Last
week I changed swimming pools. This is not earth shattering news and yet it has
given me a fresh outlook on my best exercise and my life in general. For almost 3 years I have been going to
the one pool at the YMCA in south Asheville, an impressive new facility with
big windows overlooking the Blue Ridge Mountains and Biltmore Park residential
community.
Lately I hadn't been looking forward
to swimming as I used to. In order
to get a lap lane I was going earlier and earlier in the mornings before the
aquatics classes or children’s swim lessons took over half the swimming pool. In
truth, it began to feel like a chore.
Art, who switched to the downtown Asheville YMCA for his workouts a year
ago, kept bringing home the pool schedules and talking about the two swimming pools (one for lap swimming
only), the larger locker rooms and the fact that it is the same distance to go
downtown as to south Asheville.
Why don’t I try the downtown YMCA, he urged.

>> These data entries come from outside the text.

lemma actV_eq: "act e F = (\<lambda>m w. tmul (wd [e]) (F m) w + act_coef e m * F (m - mode e) w)"
  by (rule ext, rule ext) (auto simp: actV_def act_coef_def split: Lb.split)

lemma actV_support:
  "{m. act e F m \<noteq> (\<lambda>w. 0)} \<subseteq> {m. F m \<noteq> (\<lambda>w. 0)} \<union> (\<lambda>j. j + mode e) ` {m. F m \<noteq> (\<lambda>w. 0)}"
proof
  fix m assume m: "m \<in> {m. act e F m \<noteq> (\<lambda>w. 0)}"
  show "m \<in> {m. F m \<noteq> (\<lambda>w. 0)} \<union> (\<lambda>j. j + mode e) ` {m. F m \<noteq> (\<lambda>w. 0)}"
  proof (rule ccontr)
    assume "m \<notin> {m. F m \<noteq> (\<lambda>w. 0)} \<union> (\<lambda>j. j + mode e) ` {m. F m \<noteq> (\<lambda>w. 0)}"
    then have "F m = (\<lambda>w. 0)" "F (m - mode e) = (\<lambda>w. 0)" by (auto simp: image_iff)
    then show False using m by (simp add: actV_eq tmul_def)
  qed
qed

lemma actV_Vsp: "F \<in> Vs \<Longrightarrow> act e F \<in> Vs"
proof -
  assume F: "F \<in> Vs"
  have "finite {m. act e F m \<noteq> (\<lambda>w. 0)}"
    using actV_support[of e F] Vsp_finite[OF F] finite_subset by blast
  moreover have "act e F m \<in> Tfin" for m
    unfolding actV_eq
    using Tfin_add[OF Tfin_tmul_wd_left[OF Vsp_Tfin[OF F]] Tfin_scale[OF Vsp_Tfin[OF F]]] by simp
  moreover have "act e F m = (\<lambda>w. 0)" if "m \<notin> Sset a b Fp" for m
    using that Vsp_outside[OF F that] by (simp add: actV_eq act_coef_def tmul_def)
  ultimately show ?thesis by (simp add: Vsp_def)
qed

lemma actV_lin: "act e (\<lambda>m w. c * F m w + G m w) = (\<lambda>m w. c * act e F m w + act e G m w)"
  by (simp add: actV_eq tmul_lin_right) (simp add: algebra_simps)

lemma actV_add: "act e (\<lambda>m w. F m w + G m w) = (\<lambda>m w. act e F m w + act e G m w)"
  using actV_lin[of e 1 F G] by simp

lemma actV_diff: "act e (\<lambda>m w. F m w - G m w) = (\<lambda>m w. act e F m w - act e G m w)"
  using actV_lin[of e "-1" G F] by simp

lemma actV_lincomb: "act e (\<lambda>m w. lincomb cs (\<lambda>z. G z m w))
    = (\<lambda>m w. lincomb cs (\<lambda>z. act e (G z) m w))"
proof (induction cs)
  case (Cons p cs)
  obtain c z where p: "p = (c,z)" by force
  show ?case using Cons by (simp add: p actV_lin)
qed (simp add: actV_eq tmul_def)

I was used to the south
Asheville YMCA, I would reply. Last
week I changed and I wondered why it took me so long.
Swimming is my preferred
exercise because I don’t like to sweat and because it centers me mentally and
physically. I began swimming twenty years ago when we moved to Manila,
Philippines. The heat and humidity living on the Equator meant I couldn’t walk
a city block without feeling sweaty and miserable. The five-star Mandarin Oriental Hotel across the street from
our gated “ Urdaneta Village” community offered pool memberships. I joined out of necessity. In the beginning I couldn’t swim
one length of the pool without stopping.
Eventually I grew stronger, added laps, and learned that swimming helped
me cope with life in a difficult and complex culture. When we left Manila to
return to the U.S. I missed the swimming but had no access to a pool in rural
Vermont.
Twelve years later we moved to Dubai
with a climate my fair skinned body did not tolerate. We lived in a large
elegant complex of apartment buildings that boasted 36 swimming pools. After years of not swimming at all I’d get up eagerly before
the full desert heat of the day and swim laps remembering how it had
saved my life while in Manila.
Now, living in
Asheville I can go to the YMCA for swimming not
to escape the heat but simply to feel good. I have worked my way up to 50 lengths of the pool and could
do more if I pushed myself. Not only does swimming laps feel good, it is the
time when I do my best thinking. Ideas I’ve been mulling over, plans or
solutions to small or large problems are resolved while I swim. “Swimming is the ultimate form of
sensory deprivation,” Diana Nyad was quoted in a New York Times article
entitled “The Self Reflecting Pool” by Bonnie Tsui. “ It is one of the rare
times when we can be totally disconnected and alone with our thoughts. Swimming
is a total cleansing of mind and body. The
reflection of where you are: in essence, a status update to you, and only you,”
writes Ms. Tsui.
While I was at the downtown YMCA last
week going up and down the half empty lap pool I was struck by the logical
conclusion that had evaded me. I now could continue to swim in a more relaxed
environment and perhaps start to explore more of downtown Asheville
afterwards. After all, I spent three
years doing my errands in south Asheville but now I can easily go to Pack
Square Main Library, stop at Trader Joe’s anytime I like, go by City Bakery for
their delicious whole wheat seeded baguettes and an occasional coffee, or pop
into the Asheville Mall when I need something without driving to the “other
side” of Asheville. I should explore the Asheville Art Museum and maybe even
“do” the Thomas Wolfe Museum, or meet a friend somewhere for lunch. Changing swimming pools has given me a
new perspective on things to do in Asheville.
Finishing my 40th length
of the pool the other day, my mind was suddenly flooded with other small
changes I could make just to keep life from falling into routine. And so I came
home and rearranged my closet in a new way. I found some things I’d forgotten I
had, which was like having something new to wear. We hung our one large Vermont
wood cut painting of contented cows in a field over our bed having moved it
from an upstairs guest room. It
looks like we purchased a new painting for that spot. In truth, we bought the
painting 25 years ago. All of this
is to confirm that swimming is when I do my clearest thinking without
interruptions. My world seems to fall into place when I emerge from the water. Life is full of new possibilities and change brings new perspectives.
Wow! Fifty laps! I'm impressed. I find I do my best thinking when I'm walking. I love this quote from Kierkegaard: Above all, do not lose your desire to walk: every day I walk myself into a state of well-being and walk away from every illness. I have walked my way into my best thoughts, and I no of no thought so burdensome that one cannot walk away from it.
ReplyDeleteI guess you could say that about your swimming!